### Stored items
*** Begin section ***

lemma points_above_nonempty: "{s\<in>T. s > t} \<noteq> {}"
  using unbounded_T unfolding bdd_above_def by (auto simp: not_le)

lemma sigma_eq_Inf: "sigma T t = Inf {s\<in>T. s > t}"
  unfolding sigma_def by (rule if_not_P[OF points_above_nonempty])

lemma sigma_ge: "t \<le> sigma T t"
  unfolding sigma_eq_Inf by (rule cInf_greatest[OF points_above_nonempty]) auto

lemma sigma_le: "s \<in> T \<Longrightarrow> t < s \<Longrightarrow> sigma T t \<le> s"
  unfolding sigma_eq_Inf by (rule cInf_lower) (auto intro: bdd_belowI[of _ t])

lemma sigma_in_T: "sigma T t \<in> T"
  unfolding sigma_eq_Inf
  by (rule closed_subset_contains_Inf[OF closed_T _ points_above_nonempty])
     (auto intro: bdd_belowI[of _ t])

lemma mono_sigma: "mono (sigma T)"
proof (rule monoI)
  fix t1 t2 :: real assume "t1 \<le> t2"
  then show "sigma T t1 \<le> sigma T t2"
    unfolding sigma_eq_Inf[of t2] by (intro cInf_greatest[OF points_above_nonempty]) (auto intro: sigma_le)
qed

lemma right_dense_approx:
  assumes "sigma T t = t" "e > 0"
  shows "\<exists>s\<in>T. t < s \<and> s < t + e"
proof (rule ccontr)
  assume "\<not> ?thesis"
  then have "t + e \<le> sigma T t"
    unfolding sigma_eq_Inf by (intro cInf_greatest[OF points_above_nonempty]) (auto simp: not_less)
  with assms show False by simp
qed

lemma sigma_restrict: "t0 \<le> t \<Longrightarrow> sigma (T \<inter> {t0..}) t = sigma T t"
proof -
  assume "t0 \<le> t"
  then have "{s \<in> T \<inter> {t0..}. s > t} = {s\<in>T. s > t}" by auto
  then show ?thesis unfolding sigma_def by (simp only:)
qed

lemma left_scattered_predecessor:
  assumes t0: "t0 \<in> T" and u: "u \<in> T" "t0 < u"
    and d: "d > 0" "\<forall>s\<in>T. \<not> (u - d < s \<and> s < u)"
  obtains r where "r \<in> T" "t0 \<le> r" "r < u" "sigma T r = u"
proof -
  define r where "r = Sup (T \<inter> {t0..u-d} \<union> {t0})"
  have "r \<in> T \<inter> {t0..u-d} \<union> {t0}"
    unfolding r_def by (rule closed_contains_Sup) (simp_all add: closed_Int closed_T)
  then have r: "r \<in> T" "r < u" using t0 d u by auto
  have "t0 \<le> r" unfolding r_def by (rule cSup_upper) auto
  have no_between: False if "s \<in> T" "r < s" "s < u" for s
  proof (cases "s \<le> u - d")
    case True
    then have "s \<le> r" unfolding r_def using that \<open>t0 \<le> r\<close> by (intro cSup_upper) auto
    with that show False by simp
  qed (use d that in auto)
  have "sigma T r \<noteq> r"
  proof
    assume "sigma T r = r"
    from right_dense_approx[OF this, of "u - r"] r show False by (auto intro: no_between)
  qed
  then have "r < sigma T r" using sigma_ge[of r] by simp
  moreover have "sigma T r \<le> u" using sigma_le[OF u(1) r(2)] .
  moreover have "\<not> sigma T r < u" using no_between[OF sigma_in_T] \<open>r < sigma T r\<close> by blast
  ultimately have "sigma T r = u" by simp
  with r \<open>t0 \<le> r\<close> show thesis by (intro that)
qed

*** End section ***

### WHAT YOU HAVE TO DO
State only the number of lines above that contain the word "inter".

### YOUR SOLUTION
4